Assing the return value to a volatile variable, and I'm sure you will see different results.
Tinrik:
Then I guess I have to do some operation with the result of fooIn(), which will then impact the execution time. Is there a way to do this kind of benchmarking without such an impact?
No. But you can create different for-loops "doing something relevant" and compare:
1.) a for-loop doing "hardly anything" but at the same time "something relevant", so the code gets executed
2.) a for-loop to be benchmarked, doing the same thing plus an extra function call
The time you want to measure is the time difference between those two then.
Tinrik:
Is it possible to disable all compiler optimizations within the Arduino IDE?

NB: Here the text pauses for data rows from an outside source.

lemma approx_identity_tendsto:
  fixes g :: "'b \<Rightarrow> 'a::euclidean_space \<Rightarrow> real" and f :: "'a \<Rightarrow> real"
  assumes dens: "eventually (\<lambda>s. is_density (g s)) F"
    and h: "integrable lborel h" "\<And>z. 0 \<le> h z"
    and conc: "\<And>\<delta>. \<delta> > 0 \<Longrightarrow> \<exists>K. (K \<longlongrightarrow> 0) F
                 \<and> eventually (\<lambda>s. \<forall>z. \<delta> \<le> dist z m \<longrightarrow> g s z \<le> K s * h z) F"
    and f_meas: "f \<in> borel_measurable borel" and f_bdd: "\<And>z. \<bar>f z\<bar> \<le> B" and f_cont: "isCont f m"
  shows "((\<lambda>s. \<integral>z. g s z * f z \<partial>lborel) \<longlongrightarrow> f m) F"
proof (rule tendstoI)
  fix \<epsilon> :: real assume \<epsilon>: "\<epsilon> > 0"
  obtain \<delta> where \<delta>: "\<delta> > 0" and near: "\<And>z. dist z m < \<delta> \<Longrightarrow> \<bar>f z - f m\<bar> < \<epsilon> / 2"
    using f_cont \<epsilon> unfolding continuous_at_eps_delta dist_real_def by (metis half_gt_zero)
  obtain K where "(K \<longlongrightarrow> 0) F" and far: "eventually (\<lambda>s. \<forall>z. \<delta> \<le> dist z m \<longrightarrow> g s z \<le> K s * h z) F"
    using conc[OF \<delta>] by blast
  then have "((\<lambda>s. 2 * B * \<bar>K s\<bar> * integral\<^sup>L lborel h) \<longlongrightarrow> 2 * B * 0 * integral\<^sup>L lborel h) F"
    by (intro tendsto_intros tendsto_rabs_zero)
  then have small: "eventually (\<lambda>s. 2 * B * \<bar>K s\<bar> * integral\<^sup>L lborel h < \<epsilon> / 2) F"
    using \<epsilon> by (intro order_tendstoD(2)) auto
  show "eventually (\<lambda>s. dist (\<integral>z. g s z * f z \<partial>lborel) (f m) < \<epsilon>) F"
    using dens far small
  proof eventually_elim
    case (elim s)
    then have g_int: "integrable lborel (g s)" and g_nonneg: "\<And>z. 0 \<le> g s z"
      and g_one: "integral\<^sup>L lborel (g s) = 1"
      unfolding is_density_def by auto
    have gf_int: "integrable lborel (\<lambda>z. g s z * f z)"
      using f_meas by (intro integrable_mult_bounded[OF g_int _ f_bdd]) simp
    have bound: "\<bar>g s z * (f z - f m)\<bar> \<le> \<epsilon> / 2 * g s z + 2 * B * \<bar>K s\<bar> * h z" for z
    proof (cases "dist z m < \<delta>")
      case True
      then have "g s z * \<bar>f z - f m\<bar> \<le> g s z * (\<epsilon> / 2)"
        using near[of z] g_nonneg[of z] by (intro mult_left_mono) auto
      then have "\<bar>g s z * (f z - f m)\<bar> \<le> \<epsilon> / 2 * g s z"
        using g_nonneg[of z] by (simp add: abs_mult mult.commute)
      moreover have "0 \<le> 2 * B * \<bar>K s\<bar> * h z"
        using f_bdd[of z] h(2)[of z] by simp
      ultimately show ?thesis by linarith
    next
      case False
      then have "g s z \<le> \<bar>K s\<bar> * h z"
        using elim h(2)[of z] by (meson abs_ge_self mult_right_mono not_le order_trans)
      moreover have "\<bar>f z - f m\<bar> \<le> 2 * B"
        using f_bdd[of z] f_bdd[of m] by linarith
      ultimately have "\<bar>g s z * (f z - f m)\<bar> \<le> \<bar>K s\<bar> * h z * (2 * B)"
        using g_nonneg[of z] by (simp add: abs_mult mult_mono)
      moreover have "0 \<le> \<epsilon> / 2 * g s z"
        using \<epsilon> g_nonneg[of z] by simp
      ultimately show ?thesis by (simp add: mult_ac)
    qed
    have "\<bar>(\<integral>z. g s z * f z \<partial>lborel) - f m\<bar> = \<bar>\<integral>z. g s z * (f z - f m) \<partial>lborel\<bar>"
      using gf_int g_int g_one by (simp add: right_diff_distrib)
    also have "\<dots> \<le> (\<integral>z. \<epsilon> / 2 * g s z + 2 * B * \<bar>K s\<bar> * h z \<partial>lborel)"
      using gf_int g_int h bound by (intro integral_abs_bound_integral) (auto simp: right_diff_distrib)
    also have "\<dots> = \<epsilon> / 2 + 2 * B * \<bar>K s\<bar> * integral\<^sup>L lborel h"
      using g_int g_one h by simp
    also have "\<dots> < \<epsilon>"
      using elim by simp
    finally show ?case
      by (simp add: dist_real_def)
  qed
qed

It depends on the Arduino-IDE version.
In some IDE versions it is impossible, perhaps.
In some IDE versions it requires complicated tweaking of the IDE and Arduino core.

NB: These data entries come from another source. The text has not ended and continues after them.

text \<open>Since (K + s2 I) restricted to N(i) maps A_i to K_{N(i),i}, the weight w = (-A_i, 1)
  exhibits D_i as a value of the quadratic form of K + s2 I restricted to N(i) and i.\<close>

lemma vecchia_D_eq_quad_form:
  fixes K :: "real mat"
  assumes K: "sym_psd N K" and s2: "s2 > 0" and i: "i < N" and Nb: "Nb i \<subseteq> {..<i}"
  defines "rs \<equiv> nbl Nb i @ [i]"
    and "w \<equiv> \<lambda>a. if a < length (nbl Nb i) then - vecchia_A N K s2 Nb i $ a else 1"
  shows "vecchia_D N K s2 Nb i = quad_form (length rs) (\<lambda>a b. (K + s2 \<cdot>\<^sub>m 1\<^sub>m N) $$ (rs ! a, rs ! b)) w"
proof -
  define ns where "ns = nbl Nb i"
  define L where "L = length ns"
  define \<alpha> where "\<alpha> = vecchia_A N K s2 Nb i"
  define k where "k = vec L (\<lambda>a. K $$ (i, ns ! a))"
  define C where "C = (\<lambda>a b. (K + s2 \<cdot>\<^sub>m 1\<^sub>m N) $$ (rs ! a, rs ! b))"
  have Kc: "K \<in> carrier_mat N N" using K by (simp add: sym_psd_def)
  have ns_lt: "ns ! a < i" if "a < L" for a
    using that Nb nth_mem[of a ns] by (auto simp: L_def ns_def set_nbl)
  have rs: "rs ! a = (if a < L then ns ! a else i)" if "a \<le> L" for a
    using that by (simp add: rs_def nth_append L_def ns_def)
  have \<alpha>: "\<alpha> \<in> carrier_vec L" unfolding \<alpha>_def L_def ns_def by (rule vecchia_A_carrier)
  have C_ns: "C a b = sub_mat (K + s2 \<cdot>\<^sub>m 1\<^sub>m N) ns ns $$ (a, b)" if "a < L" "b < L" for a b
    using that ns_lt[OF that(1)] ns_lt[OF that(2)] i Kc by (simp add: C_def rs sub_mat_def L_def)
  have C_col: "C a L = K $$ (i, ns ! a)" "C L a = K $$ (i, ns ! a)" if "a < L" for a
    using that ns_lt[OF that] i Kc sym_psd_index_sym[OF K, of "ns ! a" i] by (simp_all add: C_def rs)
  have "quad_form L C w = quad_form L (\<lambda>a b. sub_mat (K + s2 \<cdot>\<^sub>m 1\<^sub>m N) ns ns $$ (a, b)) (\<lambda>a. \<alpha> $ a)"
    by (subst quad_form_neg[symmetric], rule quad_form_cong) (auto simp: C_ns w_def \<alpha>_def L_def ns_def)
  also have "\<dots> = \<alpha> \<bullet> (sub_mat (K + s2 \<cdot>\<^sub>m 1\<^sub>m N) ns ns *\<^sub>v \<alpha>)"
    by (rule scalar_prod_mult_mat_vec_eq_quad_form[symmetric]) (use \<alpha> in \<open>simp_all add: sub_mat_def L_def\<close>)
  also have "sub_mat (K + s2 \<cdot>\<^sub>m 1\<^sub>m N) ns ns *\<^sub>v \<alpha> = k"
    using sub_mat_mult_vecchia_A[where Nb = Nb, OF K s2 i Nb]
    by (simp add: \<alpha>_def k_def L_def ns_def)
  finally have quad: "quad_form L C w = \<alpha> \<bullet> k" .
  have w: "w a = - (\<alpha> $ a)" if "a < L" for a using that by (simp add: w_def \<alpha>_def L_def ns_def)
  have "(\<Sum>a<L. - (K $$ (i, ns ! a) * \<alpha> $ a)) = - (\<alpha> \<bullet> k)"
    using \<alpha> by (simp add: k_def scalar_prod_def atLeast0LessThan sum_negf mult.commute)
  then have cross: "(\<Sum>a<L. C a L * w a) = - (\<alpha> \<bullet> k)" "(\<Sum>a<L. C L a * w a) = - (\<alpha> \<bullet> k)"
    by (auto simp: C_col w k_def intro!: sum.cong)
  have "vec L (\<lambda>a. K $$ (ns ! a, i)) = k"
    using ns_lt i by (intro eq_vecI) (auto simp: k_def intro!: sym_psd_index_sym[OF K] less_trans[of _ i N])
  then have "vecchia_D N K s2 Nb i = K $$ (i, i) + s2 - \<alpha> \<bullet> k"
    by (simp add: vecchia_D_def Let_def \<alpha>_def L_def ns_def)
  also have "\<dots> = quad_form (Suc L) C w"
    unfolding quad_form_Suc quad cross using i Kc by (simp add: C_def rs w_def L_def ns_def)
  finally show ?thesis by (simp add: C_def rs_def L_def ns_def)
qed

lemma vecchia_D_pos:
  fixes K :: "real mat"
  assumes K: "sym_psd N K" and s2: "s2 > 0" and i: "i < N" and Nb: "Nb i \<subseteq> {..<i}"
  shows "vecchia_D N K s2 Nb i > 0"
proof -
  define rs where "rs = nbl Nb i @ [i]"
  define L where "L = length (nbl Nb i)"
  define w where "w = (\<lambda>a. if a < L then - vecchia_A N K s2 Nb i $ a else 1)"
  have rs: "distinct rs" "set rs \<subseteq> {..<N}"
    using Nb i distinct_nbl[of Nb i, OF Nb] by (auto simp: rs_def set_nbl)
  have "s2 * (w L)^2 \<le> quad_form (length rs) (\<lambda>a b. (K + s2 \<cdot>\<^sub>m 1\<^sub>m N) $$ (rs ! a, rs ! b)) w"
    by (rule quad_form_sub_add_diag_ge[OF K _ rs]) (use s2 in \<open>simp_all add: rs_def L_def\<close>)
  also have "\<dots> = vecchia_D N K s2 Nb i"
    unfolding rs_def w_def L_def
    by (rule vecchia_D_eq_quad_form[where Nb = Nb, OF K s2 i Nb, symmetric])
  finally show ?thesis using s2 by (simp add: w_def)
qed

lemma vecchia_B_mult_vec_index:
  assumes i: "i < N" and Nb: "Nb i \<subseteq> {..<i}" and w: "w \<in> carrier_vec N"
  shows "(vecchia_B N K s2 Nb *\<^sub>v w) $ i = w $ i - vecchia_A N K s2 Nb i \<bullet> sub_vec w (nbl Nb i)"
proof -
  define ns where "ns = nbl Nb i"
  define A where "A = vecchia_A N K s2 Nb i"
  have A: "A \<in> carrier_vec (length ns)" unfolding A_def ns_def by (rule vecchia_A_carrier)
  have "(vecchia_B N K s2 Nb *\<^sub>v w) $ i = (\<Sum>j<N. vecchia_B N K s2 Nb $$ (i, j) * w $ j)"
    using i w by (simp add: vecchia_B_def scalar_prod_def atLeast0LessThan)
  also have "\<dots> = (\<Sum>j<N. (if j = i then w $ i else 0)
      - (if j \<in> Nb i then A $ (LEAST a. ns ! a = j) * w $ j else 0))"
    using i Nb by (intro sum.cong refl) (auto simp: vecchia_B_def A_def ns_def)
  also have "\<dots> = w $ i - (\<Sum>j\<in>Nb i. A $ (LEAST a. ns ! a = j) * w $ j)"
    using i Nb by (simp add: sum_subtractf sum.inter_restrict[symmetric] Int_absorb1 subset_trans)
  also have "(\<Sum>j\<in>Nb i. A $ (LEAST a. ns ! a = j) * w $ j) = (\<Sum>a<length ns. A $ a * w $ (ns ! a))"
  proof -
    have "bij_betw ((!) ns) {..<length ns} (Nb i)"
      using distinct_nbl[of Nb i, OF Nb] set_nbl[of Nb i, OF Nb]
      by (simp add: bij_betw_nth lessThan_atLeast0 ns_def)
    then show ?thesis
      by (simp add: sum.reindex_bij_betw[symmetric] Least_nth_eq distinct_nbl[of Nb i, OF Nb, folded ns_def])
  qed
  also have "\<dots> = A \<bullet> sub_vec w ns"
    using A by (simp add: scalar_prod_def sub_vec_def atLeast0LessThan)
  finally show ?thesis by (simp add: A_def ns_def)
qed

lemma sub_vec_minus:
  assumes "set rs \<subseteq> {..<N}" "x \<in> carrier_vec N" "y \<in> carrier_vec N"
  shows "sub_vec x rs - sub_vec y rs = sub_vec (x - y) rs"
  using assms nth_mem by (intro eq_vecI) (fastforce simp: sub_vec_def)+

lemma vecchia_density_eq:
  assumes Nb: "\<And>i. i < N \<Longrightarrow> Nb i \<subseteq> {..<i}"
    and D: "\<And>i. i < N \<Longrightarrow> vecchia_D N K s2 Nb i > 0"
    and x: "x \<in> carrier_vec N" and F: "F \<in> carrier_vec N"
  shows "vecchia_density N K s2 Nb F x
     = (\<Prod>i<N. 1 / sqrt (2 * pi * vecchia_D N K s2 Nb i))
       * exp (- (\<Sum>i<N. ((vecchia_B N K s2 Nb *\<^sub>v (x - F)) $ i)^2 / vecchia_D N K s2 Nb i) / 2)"
proof -
  let ?B = "vecchia_B N K s2 Nb" and ?D = "vecchia_D N K s2 Nb"
  have factor: "normal_density (F $ i + vecchia_A N K s2 Nb i \<bullet> (sub_vec x (nbl Nb i) - sub_vec F (nbl Nb i)))
        (sqrt (?D i)) (x $ i)
      = 1 / sqrt (2 * pi * ?D i) * exp (- (((?B *\<^sub>v (x - F)) $ i)^2 / ?D i) / 2)"
    if i: "i < N" for i
  proof -
    have "set (nbl Nb i) \<subseteq> {..<N}" using Nb[OF i] i by (auto simp: set_nbl)
    then have "(?B *\<^sub>v (x - F)) $ i
        = x $ i - (F $ i + vecchia_A N K s2 Nb i \<bullet> (sub_vec x (nbl Nb i) - sub_vec F (nbl Nb i)))"
      using vecchia_B_mult_vec_index[where Nb = Nb, OF i Nb[OF i], of "x - F"] x F i by (simp add: sub_vec_minus)
    then show ?thesis using D[OF i] by (simp add: normal_density_def power2_commute)
  qed
  have "vecchia_density N K s2 Nb F x
      = (\<Prod>i<N. 1 / sqrt (2 * pi * ?D i) * exp (- (((?B *\<^sub>v (x - F)) $ i)^2 / ?D i) / 2))"
    unfolding vecchia_density_def by (intro prod.cong refl factor) simp
  also have "\<dots> = (\<Prod>i<N. 1 / sqrt (2 * pi * ?D i))
      * (\<Prod>i<N. exp (- (((?B *\<^sub>v (x - F)) $ i)^2 / ?D i) / 2))"
    by (rule prod.distrib)
  also have "(\<Prod>i<N. exp (- (((?B *\<^sub>v (x - F)) $ i)^2 / ?D i) / 2))
      = exp (- (\<Sum>i<N. ((?B *\<^sub>v (x - F)) $ i)^2 / ?D i) / 2)"
    by (simp add: exp_sum[symmetric] sum_negf sum_divide_distrib)
  finally show ?thesis .
qed

lemma vecchia_B_carrier: "vecchia_B N K s2 Nb \<in> carrier_mat N N"
  by (simp add: vecchia_B_def)

lemma vecchia_B_upper:
  "Nb i \<subseteq> {..<i} \<Longrightarrow> i < j \<Longrightarrow> j < N \<Longrightarrow> vecchia_B N K s2 Nb $$ (i, j) = 0"
  by (auto simp: vecchia_B_def)

lemma det_vecchia_B_leading_block:
  assumes Nb: "\<And>i. i < N \<Longrightarrow> Nb i \<subseteq> {..<i}" and k: "k \<le> N"
  shows "det (mat k k (\<lambda>(i,j). vecchia_B N K s2 Nb $$ (i, j))) = 1"
proof -
  have "det (mat k k (\<lambda>(i,j). vecchia_B N K s2 Nb $$ (i, j)))
      = prod_list (diag_mat (mat k k (\<lambda>(i,j). vecchia_B N K s2 Nb $$ (i, j))))"
    by (rule det_lower_triangular[of k]) (use k in \<open>auto intro!: vecchia_B_upper Nb\<close>)
  also have "\<dots> = 1" using k by (simp add: prod_list_diag_prod vecchia_B_def)
  finally show ?thesis .
qed

lemma vecchia_Dmat_block:
  "a + k \<le> N \<Longrightarrow> mat k k (\<lambda>(i,j). vecchia_Dmat N K s2 Nb $$ (a + i, a + j))
     = mat_diag k (\<lambda>i. vecchia_D N K s2 Nb (a + i))"
  by (rule eq_matI) (auto simp: vecchia_Dmat_def mat_diag_def)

In some other IDE versions it requires some simpler tweaking of the IDE and Arduino core.
Perhaps give that code a try for benchmarking:
#include "fooAux.h"
#define N 100
unsigned long t0, t1, t2;
int16_t fooIn(float x)
{
if (x > 0.5f)
return 2;
else
return 1;
}
void setup() {
Serial.begin(115200);
}
void loop()
{
float x = -1.0f;
volatile byte dummy=0;
x= x+dummy; // this line avouids 'x' to be treated as a 'const' value with a known value at compile time
// first create some 'nearly do anything' loop for comparison reasons
t0= micros();
for(uint8_t i = 0; i < N; ++i)
{
dummy+=i;
asm("");
}
t0=micros()-t0;
Serial.print("dummy= ");Serial.println(dummy);
Serial.print("t0= ");Serial.println(t0);delay(100);
dummy=0;
// Function defined in current .cpp file
t1 = micros();
for(uint8_t i = 0; i < N; ++i)
{
dummy+=fooIn(x);
asm("");
}
t1= micros()-t1;
Serial.print("dummy= ");Serial.println(dummy);
Serial.print("t1= ");Serial.println(t1);delay(100);
dummy=0;
// Function defined in aux.cpp
t2 = micros();
for(uint8_t i = 0; i < N; ++i)
{
dummy+=fooAux(x);
asm("");
}
t2 = micros()-t2;
Serial.print("dummy= ");Serial.println(dummy);
Serial.print("t2= ");Serial.println(t2);delay(100);
Serial.println();
Serial.print("Extra time for using fooIn(x)= ");Serial.println(t1-t0);
Serial.print("Extra time for using fooAux(x)= ");Serial.println(t2-t0);
Serial.println("--------------------\r\n");
delay(2000);
}
jurs:
It depends on the Arduino-IDE version.
In some IDE versions it is impossible, perhaps.
In some IDE versions it requires complicated tweaking of the IDE and Arduino core.
In some other IDE versions it requires some simpler tweaking of the IDE and Arduino core.